Task brief
Copy whichever lines of the data hold the word "ennreal".

^^^^^^^^^^^^^^^^

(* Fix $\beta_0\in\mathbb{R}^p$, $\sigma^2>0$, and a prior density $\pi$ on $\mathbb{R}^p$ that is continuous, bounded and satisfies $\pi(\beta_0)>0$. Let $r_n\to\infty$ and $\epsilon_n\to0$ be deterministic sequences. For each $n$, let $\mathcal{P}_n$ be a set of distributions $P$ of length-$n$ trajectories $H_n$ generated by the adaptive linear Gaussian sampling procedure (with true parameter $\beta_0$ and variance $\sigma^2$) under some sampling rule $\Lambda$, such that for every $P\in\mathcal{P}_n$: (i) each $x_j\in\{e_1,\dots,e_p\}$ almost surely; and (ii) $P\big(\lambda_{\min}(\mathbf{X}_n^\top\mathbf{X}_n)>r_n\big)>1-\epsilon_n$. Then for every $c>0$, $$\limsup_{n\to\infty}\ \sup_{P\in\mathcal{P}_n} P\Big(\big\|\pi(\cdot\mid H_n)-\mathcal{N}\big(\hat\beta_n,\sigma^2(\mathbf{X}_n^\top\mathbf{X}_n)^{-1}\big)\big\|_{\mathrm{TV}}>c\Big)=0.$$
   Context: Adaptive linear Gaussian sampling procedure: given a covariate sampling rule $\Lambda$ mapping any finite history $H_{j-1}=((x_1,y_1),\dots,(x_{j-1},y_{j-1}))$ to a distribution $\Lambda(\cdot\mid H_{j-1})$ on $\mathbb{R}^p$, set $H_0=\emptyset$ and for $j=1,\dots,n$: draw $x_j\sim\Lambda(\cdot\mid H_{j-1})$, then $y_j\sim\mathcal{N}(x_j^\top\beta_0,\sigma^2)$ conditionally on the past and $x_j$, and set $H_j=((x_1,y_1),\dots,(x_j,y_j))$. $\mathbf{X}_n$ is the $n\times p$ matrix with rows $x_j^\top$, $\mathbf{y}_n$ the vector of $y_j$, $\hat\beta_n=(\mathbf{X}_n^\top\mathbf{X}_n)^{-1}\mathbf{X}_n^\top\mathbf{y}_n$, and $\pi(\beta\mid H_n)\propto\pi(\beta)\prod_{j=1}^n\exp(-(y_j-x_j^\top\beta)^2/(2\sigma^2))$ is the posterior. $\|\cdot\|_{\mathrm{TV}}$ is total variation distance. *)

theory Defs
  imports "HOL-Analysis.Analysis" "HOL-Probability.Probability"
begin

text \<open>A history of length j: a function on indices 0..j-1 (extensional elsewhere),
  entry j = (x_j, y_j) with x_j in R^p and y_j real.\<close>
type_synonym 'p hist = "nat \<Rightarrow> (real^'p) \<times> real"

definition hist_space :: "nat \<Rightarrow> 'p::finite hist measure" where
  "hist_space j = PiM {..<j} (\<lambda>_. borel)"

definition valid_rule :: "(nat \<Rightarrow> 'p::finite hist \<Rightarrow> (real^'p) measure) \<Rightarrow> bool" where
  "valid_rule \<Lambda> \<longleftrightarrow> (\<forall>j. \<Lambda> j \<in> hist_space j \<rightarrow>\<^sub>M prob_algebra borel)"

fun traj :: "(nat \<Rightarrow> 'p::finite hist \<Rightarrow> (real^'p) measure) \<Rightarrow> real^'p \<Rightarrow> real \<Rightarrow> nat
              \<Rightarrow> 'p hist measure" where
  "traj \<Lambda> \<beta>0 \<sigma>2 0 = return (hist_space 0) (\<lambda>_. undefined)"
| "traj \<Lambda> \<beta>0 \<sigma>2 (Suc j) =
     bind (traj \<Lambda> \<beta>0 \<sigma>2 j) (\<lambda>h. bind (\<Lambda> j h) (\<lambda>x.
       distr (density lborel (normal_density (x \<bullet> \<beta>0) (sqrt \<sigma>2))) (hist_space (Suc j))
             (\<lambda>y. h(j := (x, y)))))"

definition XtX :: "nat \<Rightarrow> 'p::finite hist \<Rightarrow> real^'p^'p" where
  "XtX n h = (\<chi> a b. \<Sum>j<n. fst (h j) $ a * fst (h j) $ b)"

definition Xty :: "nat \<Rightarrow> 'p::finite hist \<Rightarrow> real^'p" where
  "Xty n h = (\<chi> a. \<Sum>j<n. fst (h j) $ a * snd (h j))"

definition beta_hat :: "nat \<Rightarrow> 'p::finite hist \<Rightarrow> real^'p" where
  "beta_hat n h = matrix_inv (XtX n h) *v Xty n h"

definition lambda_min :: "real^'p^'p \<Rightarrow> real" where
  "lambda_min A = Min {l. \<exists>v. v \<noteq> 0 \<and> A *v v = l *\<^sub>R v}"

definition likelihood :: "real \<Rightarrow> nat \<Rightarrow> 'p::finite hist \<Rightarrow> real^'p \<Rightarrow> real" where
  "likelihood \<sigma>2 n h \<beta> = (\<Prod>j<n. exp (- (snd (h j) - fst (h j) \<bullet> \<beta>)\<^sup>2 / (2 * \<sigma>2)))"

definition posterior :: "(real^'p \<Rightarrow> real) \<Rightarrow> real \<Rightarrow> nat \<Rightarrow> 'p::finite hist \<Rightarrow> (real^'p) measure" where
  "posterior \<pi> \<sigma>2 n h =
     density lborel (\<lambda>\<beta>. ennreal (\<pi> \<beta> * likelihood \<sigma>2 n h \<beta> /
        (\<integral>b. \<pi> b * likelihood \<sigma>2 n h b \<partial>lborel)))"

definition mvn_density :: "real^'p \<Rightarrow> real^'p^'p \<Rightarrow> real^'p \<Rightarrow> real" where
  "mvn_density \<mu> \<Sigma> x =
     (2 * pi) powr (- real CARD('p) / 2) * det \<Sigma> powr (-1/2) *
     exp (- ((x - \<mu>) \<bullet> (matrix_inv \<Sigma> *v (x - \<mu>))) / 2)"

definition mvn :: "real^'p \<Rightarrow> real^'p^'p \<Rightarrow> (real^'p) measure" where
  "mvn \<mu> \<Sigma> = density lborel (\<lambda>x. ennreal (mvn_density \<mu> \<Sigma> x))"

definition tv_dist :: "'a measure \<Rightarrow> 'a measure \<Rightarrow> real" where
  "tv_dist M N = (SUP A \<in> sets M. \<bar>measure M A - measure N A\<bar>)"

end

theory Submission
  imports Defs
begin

^^^^^^^^^^^^^^^^

Solution to this task
     density lborel (\<lambda>\<beta>. ennreal (\<pi> \<beta> * likelihood \<sigma>2 n h \<beta> /
  "mvn \<mu> \<Sigma> = density lborel (\<lambda>x. ennreal (mvn_density \<mu> \<Sigma> x))"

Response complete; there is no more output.